The next big question in the COVID-19 pandemic remains antibody testing — a way to determine whether someone has been exposed to the virus and might have developed some immunity.

But antibody tests remain fraught with uncertainties. Many of the test kits now flooding the market have proved unreliable. Moreover, the experts don’t yet know for sure whether the antibodies provide immunity.

The finger-prick version of the test can yield results in 15 minutes — which would help determine who has already recovered from an infection. Labs offering antibody tests in Tucson and Phoenix have been overwhelmed with demand, and other less rigorous settings have provided mixed results. A positive antibody test might provide a sign a person’s less likely to get infected a second time. This might help determine who would face the least risk if they are tending to COVID-19 patients or returning to work.

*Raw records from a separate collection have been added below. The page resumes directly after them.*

lemma virt_at_optimal_price:
  assumes q: "c < q" and opt: "optimal_price q p"
  shows "virt F f (p/q) = c/q"
proof -
  have p: "c < p" "p < q" using optimal_price_bounds[OF q opt] by auto
  then have v: "p/q \<in> {0<..<1}" using c_pos by auto
  have "((\<lambda>p. F (p/q)) has_real_derivative f (p/q) * (1/q)) (at p)"
    by (rule DERIV_chain2[OF has_real_derivative_F[OF v] DERIV_cdivide[OF DERIV_ident]])
  then have "(profit c F q has_real_derivative
      (1 - 0) * (1 - F (p/q)) + (0 - f (p/q) * (1/q)) * (p - c)) (at p)"
    unfolding profit_def by (intro DERIV_mult DERIV_diff DERIV_ident DERIV_const)
  then have "(1 - 0) * (1 - F (p/q)) + (0 - f (p/q) * (1/q)) * (p - c) = 0"
    by (rule DERIV_local_max[of _ _ _ 1]) (use opt in auto)
  then have foc: "1 - F (p/q) = f (p/q) * (p - c) / q" by (simp add: field_simps)
  have "0 < f (p/q)" using f_pos v by blast
  then show ?thesis using q c_pos by (simp add: virt_def rr_def foc field_simps)
qed

lemma has_real_derivative_virt:
  assumes v: "v \<in> {0<..<1}"
  shows "(virt F f has_real_derivative deriv (virt F f) v) (at v)"
proof -
  have "F differentiable (at v)"
    using has_real_derivative_F[OF v] real_differentiable_def by blast
  moreover have "f differentiable (at v)" using f_differentiable v by simp
  moreover have "0 < f v" using f_pos v by blast
  ultimately have "virt F f differentiable (at v)"
    unfolding virt_def[abs_def] rr_def
    by (intro differentiable_diff differentiable_divide differentiable_const differentiable_ident)
       simp_all
  then show ?thesis by (simp add: DERIV_deriv_iff_real_differentiable)
qed

text \<open>Two optimal prices would be two solutions of the first-order condition
  \<open>\<psi>(p/q) = c/q\<close>, but \<open>\<psi>\<close> crosses the positive level \<open>c/q\<close> only upward.\<close>
lemma optimal_price_unique:
  assumes q: "c < q" and "optimal_price q p1" "optimal_price q p2"
  shows "p1 = p2"
proof -
  have "p1 = p2" if opt1: "optimal_price q p1" and opt2: "optimal_price q p2" and "p1 \<le> p2"
    for p1 p2
  proof -
    have "0 < p1/q" "p2/q < 1"
      using optimal_price_bounds[OF q opt1] optimal_price_bounds[OF q opt2] q c_pos by auto
    then have sub: "{p1/q..p2/q} \<subseteq> {0<..<1}" by auto
    have "p1/q = p2/q"
    proof (rule upcrossing_unique[where g = "virt F f" and k = "c/q"])
      show "p1/q \<le> p2/q" using \<open>p1 \<le> p2\<close> q c_pos by (simp add: divide_right_mono)
      show "continuous_on {p1/q..p2/q} (virt F f)"
        using sub has_real_derivative_virt DERIV_isCont
        by (intro continuous_at_imp_continuous_on) blast
      show "virt F f (p1/q) = c/q" "virt F f (p2/q) = c/q"
        using virt_at_optimal_price[OF q] opt1 opt2 by auto
      show "\<exists>d>0. (virt F f has_real_derivative d) (at v)"
        if "v \<in> {p1/q..p2/q}" "virt F f v = c/q" for v
      proof -
        have "v \<in> {0<..<1}" using that(1) sub by blast
        then show ?thesis
          using has_real_derivative_virt virt_deriv_pos that(2) q c_pos by force
      qed
    qed
    then show "p1 = p2" using q c_pos by simp
  qed
  then show ?thesis using assms by (metis linorder_le_cases)
qed

lemma price_optimal: "c < q \<Longrightarrow> optimal_price q (price c F q)"
  unfolding price_def by (rule theI') (use optimal_price_exists optimal_price_unique in blast)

The MHA Foundation is in the process of ordering antibody tests from South Korea, in hopes of offering testing in Payson. 

Sonora Quest laboratories will perform antibody tests, which cost $65 — but only with a doctor’s order. You must schedule an appointment ( The lab has offices in Payson and Show Low, but most of its offices are in the Valley.

The test detects IgG antibodies, but not an active infection with the virus.

Meanwhile, the University of Arizona has announced plans to use antibody tests to screen a random sample of some 250,000 people. This would provide the first solid information on how widespread the virus has become in the state, since studies suggest half of the people infected may not develop symptoms but still spread the virus. One study in New York suggested as many as 20% of the people may have already been infected. Other studies have put the number in even some hard-hit communities at closer to 1%-5%.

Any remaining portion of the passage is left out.